Chemokine‐Based Injectable Navigation System for Enhancing CAR‐T Cell Therapy Against Solid Tumors

Chimeric antigen receptor (CAR)‐T cell therapy has demonstrated poor efficacy for solid tumors. The low number and poor functional persistence of CAR‐T cells in tumors are the main limiting factors. Here a Chemokine‐based Injectable platform for enhancing adoptive T cells’ Efficacy (CITE) is presented. CITE consists of peritumorally‐injected immunogel co‐loading chemotactic CXCL9 particles with PD‐1 antibody (aPD1) and intravenously‐infused tumor‐penetrating peptide iRGD. Immunogel formed drug depots and allowed sustained release of cargo peritumorally while iRGD facilitated tumor infiltration of gel‐released drugs, thus remarkably increasing the amount of CXCL9 and aPD1 in the tumor. CITE induced an effective chemotactic gradient to promote the tumor‐specific migration of CAR‐T cells and boosted the function of infiltrated T cells by blocking immunosuppression via a two‐in‐one approach.
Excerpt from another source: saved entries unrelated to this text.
lemma avg_quadform_eq_if_quadform_coeffs_zero:
  assumes B: "invertible B" and E: "has_L2_fourier B E a"
    and zero: "\<And>k. k \<in> recip B - {0} \<Longrightarrow> quadform S (a k) = 0"
  shows "avg B (\<lambda>x. quadform S (E x)) = quadform S (avg B E)"
proof -
  have "avg B E = a 0"
    by (simp add: avg_eq_fourier_coeff_zero has_L2_fourier_coeff[OF B E zero_in_recip])
  moreover have "((\<lambda>k. quadform S (a k)) has_sum quadform S (a 0)) (recip B)"
    using zero by (intro has_sum_single zero_in_recip) auto
  ultimately show ?thesis
    using has_sum_unique[OF has_L2_fourier_parseval_quadform[OF B E]] by simp
qed

section \<open>Hermitian forms\<close>

definition sesq :: "complex^'m::finite^'m \<Rightarrow> complex^'m \<Rightarrow> complex^'m \<Rightarrow> complex" where
  "sesq S u v = cdot u (S *v v)"

lemma sesq_add_left: "sesq S (u + v) w = sesq S u w + sesq S v w"
  by (simp add: sesq_def cdot_def sum.distrib distrib_right)

lemma sesq_add_right: "sesq S u (v + w) = sesq S u v + sesq S u w"
  by (simp add: sesq_def cdot_def matrix_vector_right_distrib sum.distrib distrib_left)

lemma sesq_smult_left: "sesq S (z *s u) w = cnj z * sesq S u w"
  by (simp add: sesq_def cdot_def sum_distrib_left mult_ac)

lemma sesq_smult_right: "sesq S u (z *s w) = z * sesq S u w"
  by (simp add: sesq_def cdot_def matrix_vector_mult_smult sum_distrib_left mult_ac)

lemma sesq_expand: "sesq S u v = (\<Sum>r\<in>UNIV. \<Sum>j\<in>UNIV. S $ r $ j * (cnj (u $ r) * v $ j))"
  by (simp add: sesq_def cdot_def matrix_vector_mult_def sum_distrib_left mult_ac)

lemma sesq_hermitian:
  assumes "hermitian S"
  shows "sesq S u v = cnj (sesq S v u)"
proof -
  have h: "cnj (S $ i $ j) = S $ j $ i" for i j
    using assms unfolding hermitian_def by (metis complex_cnj_cnj)
  have "cnj (sesq S v u) = (\<Sum>r\<in>UNIV. \<Sum>j\<in>UNIV. S $ j $ r * (v $ r * cnj (u $ j)))"
    by (simp add: sesq_expand cnj_sum h)
  also have "\<dots> = sesq S u v"
    by (subst sum.swap) (simp add: sesq_expand mult_ac)
  finally show ?thesis by simp
qed

lemma quadform_hermitian:
  assumes "hermitian S"
  shows "complex_of_real (quadform S v) = sesq S v v"
proof -
  have "cnj (sesq S v v) = sesq S v v"
    using sesq_hermitian[OF assms, of v v] by simp
  then have "Im (cnj (sesq S v v)) = Im (sesq S v v)" by simp
  then have "Im (sesq S v v) = 0" by simp
  then show ?thesis by (simp add: quadform_def sesq_def complex_eq_iff)
qed

lemma quadform_smult: "quadform S (z *s H) = (cmod z)^2 * quadform S H"
proof -
  have zz: "cnj z * z = complex_of_real ((cmod z)^2)"
    by (metis complex_norm_square mult.commute)
  have "cdot (z *s H) (S *v (z *s H)) = (cnj z * z) * cdot H (S *v H)"
    using sesq_smult_left[of S z H "z *s H"] sesq_smult_right[of S H z H]
    by (simp add: sesq_def mult_ac)
  then have "cdot (z *s H) (S *v (z *s H)) = complex_of_real ((cmod z)^2) * cdot H (S *v H)"
    by (simp only: zz)
  then show ?thesis unfolding quadform_def by simp
qed

lemma quadform_zero [simp]: "quadform S 0 = 0"
  by (simp add: quadform_def cdot_def)

lemma quadform_add_smult:
  assumes "hermitian S"
  shows "complex_of_real (quadform S (H + z *s W)) =
     complex_of_real (quadform S H) + z * cnj (sesq S W H) + cnj z * sesq S W H + cnj z * z * complex_of_real (quadform S W)"
  by (simp add: quadform_hermitian[OF assms] sesq_add_left sesq_add_right sesq_smult_left sesq_smult_right
      sesq_hermitian[OF assms, of H W] algebra_simps)

text \<open>First-order condition at a zero of a form that is nonnegative on a subspace: perturbing along
  \<open>W\<close> by \<open>z = -s \<cdot> sesq S W H\<close> with small \<open>s > 0\<close> would make the form negative.\<close>

lemma sesq_eq_0_if_nonneg_on_range:
  fixes M :: "complex^'l::finite^'m::finite" and S :: "complex^'m^'m"
  assumes herm: "hermitian S" and nonneg: "\<And>G'. quadform S (M *v G') \<ge> 0"
    and zero: "quadform S (M *v G) = 0"
  shows "sesq S (M *v G') (M *v G) = 0"
proof -
  let ?H = "M *v G" and ?W = "M *v G'"
  let ?g = "sesq S ?W ?H" and ?q = "quadform S ?W"
  have q0: "?q \<ge> 0" by (rule nonneg)
  define s where "s = 1 / (?q + 1)"
  have s0: "s > 0" and sq: "s * ?q < 1" using q0 by (simp_all add: s_def)
  define z where "z = - complex_of_real s * ?g"
  have "M *v (G + z *s G') = ?H + z *s ?W"
    by (simp add: matrix_vector_right_distrib matrix_vector_mult_smult)
  then have "quadform S (?H + z *s ?W) \<ge> 0" using nonneg by metis
  moreover have "complex_of_real (quadform S (?H + z *s ?W)) = complex_of_real (s * (s * ?q - 2) * (cmod ?g)^2)"
    unfolding quadform_add_smult[OF herm] zero z_def
    by (simp add: complex_norm_square[symmetric] algebra_simps power2_eq_square)
  ultimately have "0 \<le> s * (s * ?q - 2) * (cmod ?g)^2"
    by (simp only: of_real_eq_iff)
  moreover have "s * (s * ?q - 2) < 0"
    using s0 sq by (intro mult_pos_neg) auto
  ultimately have "\<not> (cmod ?g)^2 > 0"
    using mult_neg_pos[of "s * (s * ?q - 2)" "(cmod ?g)^2"] by linarith
  then show ?thesis by simp
qed

lemma conj_transpose_mult_eq_0_if_nonneg_on_range:
  fixes M :: "complex^'l::finite^'m::finite" and S :: "complex^'m^'m"
  assumes herm: "hermitian S" and nonneg: "\<And>G'. quadform S (M *v G') \<ge> 0"
    and zero: "quadform S (M *v G) = 0"
  shows "conj_transpose M *v (S *v (M *v G)) = 0"
proof -
  have "(conj_transpose M *v v) $ q = cdot (M *v axis q 1) v" for v q
  proof -
    have "(M *v axis q 1) $ r = M $ r $ q" for r
      by (simp add: matrix_vector_mult_def axis_def if_distrib cong: if_cong)
    then show ?thesis by (simp add: conj_transpose_def matrix_vector_mult_def cdot_def)
  qed
  then show ?thesis
    using sesq_eq_0_if_nonneg_on_range[OF herm nonneg zero] by (simp add: vec_eq_iff sesq_def)
qed

section \<open>The plane-wave test\<close>

definition diag_mat :: "real^'d::finite \<Rightarrow> real^'d^'d" where
  "diag_mat b = (\<chi> i j. if i = j then b $ i else 0)"

lemma diag_mat_mult_vec: "diag_mat b *v v = (\<chi> i. b $ i * v $ i)"
proof -
  have "(\<Sum>j\<in>UNIV. (if i = j then b $ i else 0) * v $ j) = (\<Sum>j\<in>UNIV. if j = i then b $ i * v $ i else 0)" for i
    by (intro sum.cong) auto
  then show ?thesis by (simp add: diag_mat_def matrix_vector_mult_def vec_eq_iff)
qed

lemma diag_mat_mult: "diag_mat b ** diag_mat c = diag_mat (\<chi> i. b $ i * c $ i)"
proof -
  have "(\<Sum>l\<in>UNIV. (if i = l then b $ i else 0) * (if l = j then c $ l else 0))
      = (\<Sum>l\<in>UNIV. if l = i then b $ i * (if i = j then c $ i else 0) else 0)" for i j
    by (intro sum.cong) auto
  then show ?thesis by (simp add: diag_mat_def matrix_matrix_mult_def vec_eq_iff)
qed

lemma invertible_diag_mat:
  assumes "\<And>i. b $ i \<noteq> 0"
  shows "invertible (diag_mat b)"
proof -
  have "diag_mat (\<chi> i. 1) = mat 1" by (simp add: diag_mat_def mat_def vec_eq_iff)
  then show ?thesis
    using assms unfolding invertible_def
    by (intro exI[of _ "diag_mat (\<chi> i. 1 / b $ i)"]) (simp add: diag_mat_mult)
qed

definition dual_lattice_basis :: "real^'d::finite \<Rightarrow> real^'d^'d" where
  "dual_lattice_basis k = diag_mat (\<chi> i. if k $ i = 0 then 1 else 2 * pi / \<bar>k $ i\<bar>)"

lemma invertible_dual_lattice_basis: "invertible (dual_lattice_basis k)"
  unfolding dual_lattice_basis_def by (rule invertible_diag_mat) simp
Consequently, CITE yielded a 218‐fold increase in the intratumoral number of transferred T cells and substantially improved the efficacies of transferred T cell receptor (TCR)‐T cells and CAR‐T cells in multiple syngeneic tumor models, including immunologically “cold” tumors, in immunocompetent mice. More importantly, CITE enhanced systemic antitumor immunity and elicited immune memory, enabling CITE to treat multimodal, metastatic, and recurrent tumors. CITE is broadly applicable to adoptive cell therapies involving CAR‐T or TCR‐T cells. The CITE (Chemokine‐based Injectable platform for boosting adoptive T cells’ Efficacy) system promotes the tumor‐specific migration of CAR‐T cells and boosts the function of infiltrated T cells via a two‐in‐one approach, thus substantially improving the efficacies of CAR‐T cells to solid tumors. CITE also enhances systemic antitumor immunity and elicits immune memory, enabling CITE to treat multimodal, metastatic and recurrent tumors.